Frederick Cooper, author of Africa in the World: Capitalism, Empire, Nation-State
“The Art of Life in South Africa is a richly suggestive and moving contribution to South African intellectual history. Weaving in a highly imaginative way the two concepts of life and art, Magaziner opens unique pathways for research in the historical sociology of the object-worlds South Africans invented, created and inhabited during the long twentieth-century. Written with extraordinary clarity and precision, this book will appeal to anyone curious about new trends in the historiography of culture.”

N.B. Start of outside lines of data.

(* Let $V_1,V_2$ be closed subspaces of a Hilbert space $\mathcal H$, neither of which contains the other, and let $\Sigma$ be the operator on $V_1\oplus V_2$ given by $\Sigma(v_1,v_2)=(P_{V_1}(v_1+v_2),P_{V_2}(v_1+v_2))$. Then $\mathrm{Spec}(\Sigma)\subseteq[1-\cos\angle(V_1,V_2),\,1+\cos\angle(V_1,V_2)]\cup\{0,2\}$, and both points $1\pm\cos\angle(V_1,V_2)$ belong to $\mathrm{Spec}(\Sigma)$.
   Context: $V_1\oplus V_2$ is the external orthogonal direct sum; $P_V$ is the orthogonal projection onto $V$. For closed subspaces $V_1,V_2$ neither of which contains the other, the (Friederichs) angle $\angle(V_1,V_2)\in[0,\pi/2]$ is defined by $\cos\angle(V_1,V_2)=\sup\{|\langle v_1,v_2\rangle| : v_i\in V_i,\ \|v_i\|=1,\ v_i\perp V_1\cap V_2\}$. *)

theory Defs
  imports "HOL-Analysis.Analysis"
begin

definition orth_proj :: "'a::real_inner set \<Rightarrow> 'a \<Rightarrow> 'a" where
  "orth_proj V x = (THE v. v \<in> V \<and> (\<forall>w\<in>V. inner (x - v) w = 0))"

text \<open>External orthogonal direct sum V1 (+) V2, realised as pairs in 'a \<times> 'a;
  the product norm on 'a \<times> 'a is sqrt(norm a^2 + norm b^2), i.e. the orthogonal sum norm.\<close>
definition dsum :: "'a set \<Rightarrow> 'a set \<Rightarrow> ('a \<times> 'a) set" where
  "dsum V1 V2 = V1 \<times> V2"

definition Sigma_op :: "'a::real_inner set \<Rightarrow> 'a set \<Rightarrow> 'a \<times> 'a \<Rightarrow> 'a \<times> 'a" where
  "Sigma_op V1 V2 = (\<lambda>(v1, v2). (orth_proj V1 (v1 + v2), orth_proj V2 (v1 + v2)))"

definition op_spectrum :: "'b::real_normed_vector set \<Rightarrow> ('b \<Rightarrow> 'b) \<Rightarrow> real set" where
  "op_spectrum D T = {l. \<not> (bij_betw (\<lambda>x. T x - l *\<^sub>R x) D D \<and>
       (\<exists>C. \<forall>x\<in>D. norm x \<le> C * norm (T x - l *\<^sub>R x)))}"

definition friedrichs_angle :: "'a::real_inner set \<Rightarrow> 'a set \<Rightarrow> real" where
  "friedrichs_angle V1 V2 = arccos (Sup {\<bar>inner v1 v2\<bar> | v1 v2.
      v1 \<in> V1 \<and> v2 \<in> V2 \<and> norm v1 = 1 \<and> norm v2 = 1 \<and>
      (\<forall>w\<in>V1 \<inter> V2. inner v1 w = 0) \<and> (\<forall>w\<in>V1 \<inter> V2. inner v2 w = 0)})"

end

theory Submission
  imports Defs
begin

text \<open>Write \<open>M = V\<^sub>1 \<inter> V\<^sub>2\<close>, \<open>c = cos \<angle>(V\<^sub>1, V\<^sub>2)\<close> and split \<open>v\<^sub>i = m\<^sub>i + w\<^sub>i\<close> with \<open>m\<^sub>i \<in> M\<close> and
  \<open>w\<^sub>i \<perp> M\<close>. With \<open>t = 1 - \<lambda>\<close>, the vector \<open>(\<Sigma> - \<lambda>)(v\<^sub>1, v\<^sub>2)\<close> splits orthogonally into
  \<open>(t m\<^sub>1 + m\<^sub>2, m\<^sub>1 + t m\<^sub>2)\<close>, which is large unless \<open>\<bar>t\<bar> = 1\<close>, i.e. \<open>\<lambda> \<in> {0, 2}\<close>, and
  \<open>(t w\<^sub>1 + P\<^sub>1 w\<^sub>2, P\<^sub>2 w\<^sub>1 + t w\<^sub>2)\<close>, which is large unless \<open>\<bar>t\<bar> \<le> c\<close>, because \<open>c\<close> is the norm of
  \<open>P\<^sub>1\<close> on \<open>V\<^sub>2 \<ominus> M\<close> and of \<open>P\<^sub>2\<close> on \<open>V\<^sub>1 \<ominus> M\<close>. Off \<open>[1 - c, 1 + c] \<union> {0, 2}\<close> the self-adjoint
  operator \<open>\<Sigma> - \<lambda>\<close> is therefore bounded below, hence invertible. Conversely, for a unit vector
  \<open>w \<in> V\<^sub>2 \<ominus> M\<close> with \<open>\<parallel>P\<^sub>1 w\<parallel>\<close> close to \<open>c\<close>, the vectors \<open>(P\<^sub>1 w, \<plusminus>c w)\<close> are approximate
  eigenvectors for \<open>1 \<plusminus> c\<close>.\<close>

section \<open>Orthogonal projections\<close>

lemma parallelogram_law:
  fixes a b :: "'a::real_inner"
  shows "(norm (a + b))\<^sup>2 + (norm (a - b))\<^sup>2 = 2 * (norm a)\<^sup>2 + 2 * (norm b)\<^sup>2"
  by (simp add: power2_norm_eq_inner inner_add_left inner_add_right inner_diff_left inner_diff_right
      inner_commute algebra_simps)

Achille Mbembe, author of Critique of Black Reason
“The Art of Life in South Africa contributes to a global conversation about ‘art’ and ‘craft’at the same time as it challenges neat distinctions between center and periphery, metropole and margins. Art education provides rich terrain through which the entangled relations of modernity, subjectivity, and materiality can be explored. This book is as important for students of global modernism as it is for scholars of South African art, history and politics.”
Tamar Garb, author of Figures and Fictions: Contemporary South African Photography
“The Art of Life in South Africa is beautifully rendered, well researched, and tells an important, scarcely told story. Combining in exciting ways intellectual, cultural, and social historical approaches, Magaziner offers a meditation on what happens if we examine a past that is shaped by broader historical forces (in this case apartheid) but that cannot be reduced to them.”
Clifton Crais, author of The South Africa Reader: History, Culture, Politics
From 1952 to 1981, South Africa’s apartheid government ran an art school for the training of African art teachers at Indaleni, in what is today KwaZulu-Natal. The Art of Life in South Africa is the story of the students, teachers, art, and politics that circulated through a small school, housed in a remote former mission station. It is the story of a community that made its way through the travails of white supremacist South Africa and demonstrates how the art students and teachers made together became the art of their lives.
Daniel Magaziner radically reframes apartheid-era South African history. Against the dominant narrative of apartheid oppression and black resistance, as well as recent scholarship that explores violence, criminality, and the hopeless entanglements of the apartheid state, this book focuses instead on a small group’s efforts to fashion more fulfilling lives for its members and their community through the ironic medium of the apartheid-era school.
There is no book like this in South African historiography. Lushly illustrated and poetically written, it gives us fully formed lives that offer remarkable insights into the now clichéd experience of black life under segregation and apartheid.
Daniel Magaziner teaches South African and nineteenth- and twentieth-century African history at Yale University. He is the author of The Law and the Prophets: Black Consciousness in South Africa, 1968–1977.